Von zwei Toten und der Kunst

Wenn zwei interessante Geschichten miteinander verwoben werden, kann nur eines entstehen: Ein packendes Buch!

J.R. Bechtle: Hotel van Gogh
Bildlegende: J.R. Bechtle: Hotel van Gogh

Vincent van Gogh? Ja, das ist der Maler mit den Sonnenblumen, der in den Niederlanden geboren wurde und in Frankreich jung gestorben ist, mit 37. Er hat sich umgebracht. Über die Gründe kann man rätseln. Neue Theorien wollen sogar wissen, dass er ermordet wurde. Sicher ist, dass van Gogh zu Tode betrübt war, weil sich seine Bilder nicht verkauft haben und er von seinem Bruder Theo finanziert werden musste. Gestorben ist er im kleinen Städtchen Auvers-sur-Oise.

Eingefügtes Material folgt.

lemma matrix_mult_perm_matrix_nth: "(A ** perm_matrix \<sigma>) $ i $ j = A $ i $ \<sigma> j"
  by (simp add: perm_matrix_def matrix_matrix_mult_def if_distrib[of "\<lambda>x. _ * x"] cong: if_cong)

lemma transpose_perm_matrix_mult_nth: "(transpose (perm_matrix \<sigma>) ** A) $ i $ j = A $ \<sigma> i $ j"
  by (simp add: perm_matrix_def transpose_def matrix_matrix_mult_def
      if_distrib[of "\<lambda>x. x * _"] cong: if_cong)

lemma matrix_mul_cancel_left:
  fixes A B C :: "'a::semiring_1^'n^'n"
  shows "A ** B = mat 1 \<Longrightarrow> A ** (B ** C) = C"
  by (metis matrix_mul_assoc matrix_mul_lid)

lemma perm_matrix_orthogonal:
  assumes "bij \<sigma>"
  shows "transpose (perm_matrix \<sigma>) ** perm_matrix \<sigma> = (mat 1 :: 'a::semiring_1^'n^'n)"
    and "perm_matrix \<sigma> ** transpose (perm_matrix \<sigma>) = (mat 1 :: 'a::semiring_1^'n^'n)"
proof -
  show "transpose (perm_matrix \<sigma>) ** perm_matrix \<sigma> = (mat 1 :: 'a^'n^'n)"
    unfolding vec_eq_iff transpose_perm_matrix_mult_nth
    using assms by (simp add: perm_matrix_def mat_def bij_def inj_eq)
  have "(i = \<sigma> k) = (k = inv \<sigma> i)" for i k
    using assms by (metis bij_inv_eq_iff)
  then show "perm_matrix \<sigma> ** transpose (perm_matrix \<sigma>) = (mat 1 :: 'a^'n^'n)"
    by (simp add: vec_eq_iff perm_matrix_def transpose_def mat_def matrix_matrix_mult_def
        if_distrib[of "\<lambda>x. x * _"] cong: if_cong) (metis assms bij_inv_eq_iff)
qed

lemma diagm_permute:
  "bij \<sigma> \<Longrightarrow> diagm (\<chi> i. z $ \<sigma> i) = transpose (perm_matrix \<sigma>) ** diagm z ** perm_matrix \<sigma>"
  by (simp add: vec_eq_iff matrix_mult_perm_matrix_nth transpose_perm_matrix_mult_nth diagm_def
      bij_def inj_eq)

lemma GL_R_mult_perm_matrix:
  assumes P: "P \<in> GL_R" and \<sigma>: "bij \<sigma>"
  shows "P ** perm_matrix \<sigma> \<in> GL_R"
proof -
  obtain B where B: "\<forall>i j. in_R (B $ i $ j)" "P ** B = mat 1" "B ** P = mat 1"
    and P_R: "\<forall>i j. in_R (P $ i $ j)"
    using P unfolding GL_R_def by blast
  have "(P ** perm_matrix \<sigma>) ** (transpose (perm_matrix \<sigma>) ** B) = mat 1"
    "(transpose (perm_matrix \<sigma>) ** B) ** (P ** perm_matrix \<sigma>) = mat 1"
    using B by (simp_all add: perm_matrix_orthogonal[OF \<sigma>] matrix_mul_cancel_left
        flip: matrix_mul_assoc)
  then show ?thesis
    unfolding GL_R_def using B P_R
    by (auto simp: matrix_mult_perm_matrix_nth transpose_perm_matrix_mult_nth
        intro!: exI[of _ "transpose (perm_matrix \<sigma>) ** B"])
qed

lemma factorisation_permute:
  assumes Q: "Q \<in> GL_R" and \<sigma>: "bij \<sigma>"
  shows "(P ** perm_matrix \<sigma>) ** diagm (\<chi> i. z $ \<sigma> i) ** matrix_inv (Q ** perm_matrix \<sigma>)
         = P ** diagm z ** matrix_inv Q"
proof -
  have "matrix_inv (Q ** perm_matrix \<sigma>) = transpose (perm_matrix \<sigma>) ** matrix_inv Q"
    using GL_R_inverse[OF Q] by (intro matrix_inv_eqI)
      (simp_all add: perm_matrix_orthogonal[OF \<sigma>] matrix_mul_cancel_left flip: matrix_mul_assoc)
  then show ?thesis
    by (simp add: diagm_permute[OF \<sigma>] perm_matrix_orthogonal[OF \<sigma>] matrix_mul_cancel_left
        flip: matrix_mul_assoc)
qed

lemma mset_vec_image: "image_mset f (mset_vec z) = mset_vec (\<chi> i. f (z $ i))"
  by (simp add: mset_vec_def multiset.map_comp o_def)

lemma mset_vec_eq_imp_permutes:
  assumes "mset_vec x = mset_vec y"
  obtains \<sigma> where "\<sigma> permutes UNIV" "\<forall>i. x $ i = y $ \<sigma> i"
proof -
  have "image_mset (\<lambda>i. x $ i) (mset_set UNIV) = image_mset (\<lambda>i. y $ i) (mset_set UNIV)"
    using assms by (simp add: mset_vec_def)
  from image_mset_eq_implies_permutes[OF finite_class.finite_UNIV this]
  obtain \<sigma> where "\<sigma> permutes UNIV" "\<forall>i\<in>UNIV. x $ i = y $ \<sigma> i" .
  then show thesis
    by (intro that) auto
qed

lemma sval_diagm_factorisation:
  assumes "M > 0" "P \<in> GL_R" "Q \<in> GL_R" "\<forall>i. z $ i \<noteq> 0"
  shows "is_sval (N * M) (lift_mat M P ** diagm z ** matrix_inv (lift_mat M Q))
           (\<chi> i. val_lvl (N * M) (z $ i))"
  unfolding is_sval_def
  apply (rule exI[of _ 1], rule exI[of _ "lift_mat M P"], rule exI[of _ "lift_mat M Q"], rule exI[of _ z])
  using assms by (simp add: GL_R_lift_mat(1) lift_mat_by_1 mset_vec_image del: One_nat_def)

lemma trop_PQ_subset_strop:
  assumes N: "N > 0" and P: "P \<in> GL_R" and Q: "Q \<in> GL_R"
  shows "trop_PQ I N P Q \<subseteq> strop I"
  unfolding trop_PQ_def strop_def
proof (intro closure_mono subsetI)
  fix x
  assume "x \<in> {x. \<exists>M z. M > 0 \<and> (\<forall>i. z $ i \<noteq> 0) \<and>
      (\<forall>f\<in>I. regext f (lift_mat M P ** diagm z ** matrix_inv (lift_mat M Q)) = 0) \<and>
      (\<forall>i. x $ i = val_lvl (N * M) (z $ i))}"
  then obtain M z where M: "M > 0" and z: "\<forall>i. z $ i \<noteq> 0"
    and vanish: "\<forall>f\<in>I. regext f (lift_mat M P ** diagm z ** matrix_inv (lift_mat M Q)) = 0"
    and x: "x = (\<chi> i. val_lvl (N * M) (z $ i))"
    by (auto simp: vec_eq_iff)
  have "det (lift_mat M P ** diagm z ** matrix_inv (lift_mat M Q)) \<noteq> 0"
    using det_GL_R_factorisation_nonzero GL_R_lift_mat(1) M P Q z by blast
  moreover have "\<forall>i. x $ i \<in> \<rat>"
    by (simp add: x val_lvl_def)
  moreover have "N * M > 0"
    using N M by simp
  ultimately show "x \<in> {x. (\<forall>i. x $ i \<in> \<rat>) \<and>
      (\<exists>N A. N > 0 \<and> det A \<noteq> 0 \<and> (\<forall>f\<in>I. regext f A = 0) \<and> is_sval N A x)}"
    using sval_diagm_factorisation[OF M P Q z, of N] vanish unfolding x by blast
qed

lemma sval_in_trop_PQ:
  assumes N: "N > 0" and vanish: "\<forall>f\<in>I. regext f A = 0" and sval: "is_sval N A x"
  obtains N' P Q where "N' > 0" "P \<in> GL_R" "Q \<in> GL_R" "x \<in> trop_PQ I N' P Q"
proof -
  obtain M P Q z where M: "M > 0" and P: "P \<in> GL_R" and Q: "Q \<in> GL_R"
    and z: "\<forall>i. z $ i \<noteq> 0" and A: "lift_mat M A = P ** diagm z ** matrix_inv Q"
    and x: "mset_vec x = mset_vec (\<chi> i. val_lvl (N * M) (z $ i))"
    using sval unfolding is_sval_def mset_vec_image by blast
  obtain \<sigma> where "\<sigma> permutes UNIV" and x_\<sigma>: "\<forall>i. x $ i = val_lvl (N * M) (z $ \<sigma> i)"
    using mset_vec_eq_imp_permutes[OF x] by auto
  then have \<sigma>: "bij \<sigma>"
    using permutes_bij by blast
  define z' where "z' = (\<chi> i. z $ \<sigma> i)"
  have factor: "lift_mat 1 (P ** perm_matrix \<sigma>) ** diagm z' **
      matrix_inv (lift_mat 1 (Q ** perm_matrix \<sigma>)) = lift_mat M A"
    unfolding lift_mat_by_1 z'_def A using factorisation_permute[OF Q \<sigma>] .
  have "\<forall>f\<in>I. regext f (lift_mat 1 (P ** perm_matrix \<sigma>) ** diagm z' **
      matrix_inv (lift_mat 1 (Q ** perm_matrix \<sigma>))) = 0"
    unfolding factor using vanish
    by (simp add: regext_lift_mat[OF M] lift_conv_fls_compose_power[OF M])
  then have "x \<in> trop_PQ I (N * M) (P ** perm_matrix \<sigma>) (Q ** perm_matrix \<sigma>)"
    unfolding trop_PQ_def using z x_\<sigma>
    by (intro closure_subset[THEN subsetD] CollectI exI[where x = 1] exI[where x = z'])
      (simp add: z'_def)
  moreover have "N * M > 0"
    using N M by simp
  ultimately show ?thesis
    using that GL_R_mult_perm_matrix[OF P \<sigma>] GL_R_mult_perm_matrix[OF Q \<sigma>] by blast
qed

theorem mainTheorem17:
  fixes I :: "(complex^'n^'n \<Rightarrow> complex) set"
  assumes "proper_ideal I"
  shows "strop I = closure (\<Union>N\<in>{N. N > 0}. \<Union>P\<in>GL_R. \<Union>Q\<in>GL_R. trop_PQ I N P Q)"
    (is "_ = closure ?U")
proof
  show "strop I \<subseteq> closure ?U"
    unfolding strop_def
  proof (intro closure_mono subsetI)
    fix x
    assume "x \<in> {x. (\<forall>i. x $ i \<in> \<rat>) \<and>
      (\<exists>N A. N > 0 \<and> det A \<noteq> 0 \<and> (\<forall>f\<in>I. regext f A = 0) \<and> is_sval N A x)}"
    then obtain N A where "N > 0" "\<forall>f\<in>I. regext f A = 0" "is_sval N A x"
      by blast
    then show "x \<in> ?U"
      by (rule sval_in_trop_PQ) blast
  qed
  show "closure ?U \<subseteq> strop I"
  proof (rule closure_minimal)
    show "?U \<subseteq> strop I"
      using trop_PQ_subset_strop by blast
    show "closed (strop I)"
      by (simp add: strop_def)
  qed
qed

end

Im Sterbezimmer von van Gogh findet man am Anfang des Buches den toten Arthur Heller, ein Mittfünfziger aus Deutschland. Er hat seine Unternehmerkarriere vor zehn Jahren aufgegeben, um in Paris seinen Traum zu leben und Schriftsteller zu werden. Das Ergebnis sind verschiedene Manuskripte, an einem zeigt sich ein renommierter Verlag ausserordentlich interessiert. Das alles ist in seinem Tagebuch nachzulesen, das nach seinem Tod gefunden wird. Es verrät ausserdem, dass Heller darüber nachdachte, über Johanna van Gogh zu schreiben, die Schwägerin von Vincent.

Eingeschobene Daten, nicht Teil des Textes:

lemma optimal_walk_eq_shortest_path:
  assumes pos: "\<forall>e\<in>E. w e > 0" and uniq: "unique_shortest_paths E w"
    and sp: "shortest_path E w x y P"
    and W: "walk E W" "hd W = x" "last W = y" and len: "walk_len w W = walk_len w P"
  shows "W = P"
proof -
  have "shortest_walk E w W"
    using W len sp unfolding shortest_walk_def shortest_path_def by simp
  then have "shortest_path E w x y W"
    using shortest_walk_distinct[OF pos] W by (simp add: shortest_path_iff_shortest_walk)
  then show ?thesis
    using uniq sp unfolding unique_shortest_paths_def by blast
qed

lemma dw_realized_by_walk:
  assumes fin: "finite (\<Union>E)" and pos: "\<forall>e\<in>E. w e > 0" and HE: "H \<subseteq> E"
    and finite_dw: "dw H w (wdist E w q) s v \<noteq> \<infinity>"
  obtains W where "walk E W" "hd W = q" "last W = v" "s \<in> set W"
    "dw H w (wdist E w q) s v = ereal (walk_len w W)"
proof -
  have finH: "finite (\<Union>H)" and posH: "\<forall>e\<in>H. w e > 0"
    using HE fin pos by (auto intro: rev_finite_subset)
  have "wdist E w q s \<noteq> \<infinity>" "wdist H w s v \<noteq> \<infinity>"
    using finite_dw unfolding dw_def by auto
  then obtain W1 W2 where W1: "shortest_path E w q s W1" and W2: "shortest_path H w s v W2"
    using shortest_path_exists[OF fin pos] shortest_path_exists[OF finH posH] wdist_eq_infinity
    by metis
  have W1_walk: "walk E W1" "hd W1 = q" "last W1 = s"
    and W2_walk: "walk E W2" "hd W2 = s" "last W2 = v"
    using W1 W2 HE unfolding shortest_path_def by (auto intro: walk_mono)
  then have "last W1 = hd W2"
    by simp
  note join = walk_join[OF W1_walk(1) W2_walk(1) this]
  have "wdist E w q s = ereal (walk_len w W1)" "wdist H w s v = ereal (walk_len w W2)"
    using W1 W2 unfolding shortest_path_def by simp_all
  then have "dw H w (wdist E w q) s v = ereal (walk_len w (butlast W1 @ W2))"
    unfolding dw_def using join(2)[of w] by simp
  moreover have "s \<in> set (butlast W1 @ W2)"
    using W2_walk by (cases W2) auto
  ultimately show ?thesis
    using that join W1_walk W2_walk by simp
qed

lemma lexless_last_site:
  assumes fin: "finite (\<Union>E)" and pos: "\<forall>e\<in>E. w e > 0" and uniq: "unique_shortest_paths E w"
    and HE: "H \<subseteq> E" and sp: "shortest_path E w q v (P1 @ s # P2)" and suffix: "walk H (s # P2)"
    and other: "s' \<notin> set (s # P2)"
  shows "lexless (dw H w (wdist E w q) s v, - wdist E w q s) (dw H w (wdist E w q) s' v, - wdist E w q s')"
proof -
  let ?P = "P1 @ s # P2"
  have dw_s: "dw H w (wdist E w q) s v = ereal (walk_len w ?P)"
    using dw_last_site_eq[OF HE sp suffix] sp unfolding shortest_path_def by simp
  show ?thesis
  proof (cases "dw H w (wdist E w q) s' v = \<infinity>")
    case True
    then show ?thesis
      unfolding lexless_def dw_s by simp
  next
    case False
    then obtain W where W: "walk E W" "hd W = q" "last W = v" "s' \<in> set W"
      and dw_s': "dw H w (wdist E w q) s' v = ereal (walk_len w W)"
      using dw_realized_by_walk[OF fin pos HE] by blast
    have "ereal (walk_len w ?P) \<le> ereal (walk_len w W)"
      using sp wdist_le[OF W(1-3)] unfolding shortest_path_def by simp
    then consider "walk_len w ?P < walk_len w W" | "walk_len w W = walk_len w ?P"
      by fastforce
    then show ?thesis
    proof cases
      case 1
      then show ?thesis
        unfolding lexless_def dw_s dw_s' by simp
    next
      case 2
      then have "W = ?P"
        using optimal_walk_eq_shortest_path[OF pos uniq sp W(1-3)] by blast
      then have "s' \<in> set P1"
        using W(4) other by auto
      then have "wdist E w q s' < wdist E w q s"
        by (rule wdist_less_along_shortest_path[OF pos sp])
      then show ?thesis
        unfolding lexless_def dw_s dw_s' 2 by simp
    qed
  qed
qed

lemma last_site_in_Vor:
  assumes "finite (\<Union>E)" "\<forall>e\<in>E. w e > 0" "unique_shortest_paths E w"
    and "H \<subseteq> E" "shortest_path E w q v (P1 @ s # P2)" "walk H (s # P2)"
    and "v \<in> \<Union>H" "set P2 \<inter> S = {}"
  shows "v \<in> Vor H w S (wdist E w q) s"
  using lexless_last_site[OF assms(1-6)] assms(7,8) unfolding Vor_def by auto

lemma ugraph_finite_vertices: "ugraph E \<Longrightarrow> finite (\<Union>E)"
  unfolding ugraph_def by (metis finite.emptyI finite_Union finite_insert)

lemma walk_hits_bnd:
  assumes D: "division E D" "R \<in> D"
  shows "walk E xs \<Longrightarrow> hd xs \<in> \<Union>R \<Longrightarrow> last xs \<notin> \<Union>R \<Longrightarrow> \<exists>x\<in>set xs. x \<in> bnd D R"
proof (induction xs rule: induct_list012)
  case (3 x y zs)
  show ?case
  proof (cases "x \<in> bnd D R")
    case False
    obtain R' where "R' \<in> D" "{x, y} \<in> R'"
      using D "3.prems"(1) unfolding division_def by auto
    then have "R' = R"
      using False "3.prems"(2) unfolding bnd_def by auto
    then have "y \<in> \<Union>R"
      using \<open>{x, y} \<in> R'\<close> by blast
    then show ?thesis
      using "3.IH"(2) "3.prems" by auto
  qed simp
qed auto

lemma walk_split_last_bnd:
  assumes "division E D" "R \<in> D" "walk E xs" "hd xs \<in> \<Union>R" "last xs \<notin> \<Union>R"
  obtains ys z zs where "xs = ys @ z # zs" "z \<in> bnd D R" "set zs \<inter> bnd D R = {}"
proof -
  have "\<exists>x\<in>set xs. x \<in> bnd D R"
    using walk_hits_bnd[OF assms] .
  then show ?thesis
    using that by (elim split_list_last_propE) blast
qed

Sabine ist die Nichte von Arthur Heller, hat mit ihrem Onkel aber schon lange nichts mehr zu tun gehabt. Sein Tod kommt ihr quer - denn sie muss nach Frankreich fahren, um ihn zu identifizieren, dabei wäre sie lieber mit ihrem Freund nach Sylt. Doch es dauert nicht lange, bis ihr viele Sachen, die Heller's Tod betreffen, seltsam vorkommen. So macht sie sich auf, den ungeklärten Todesfall aufzulösen.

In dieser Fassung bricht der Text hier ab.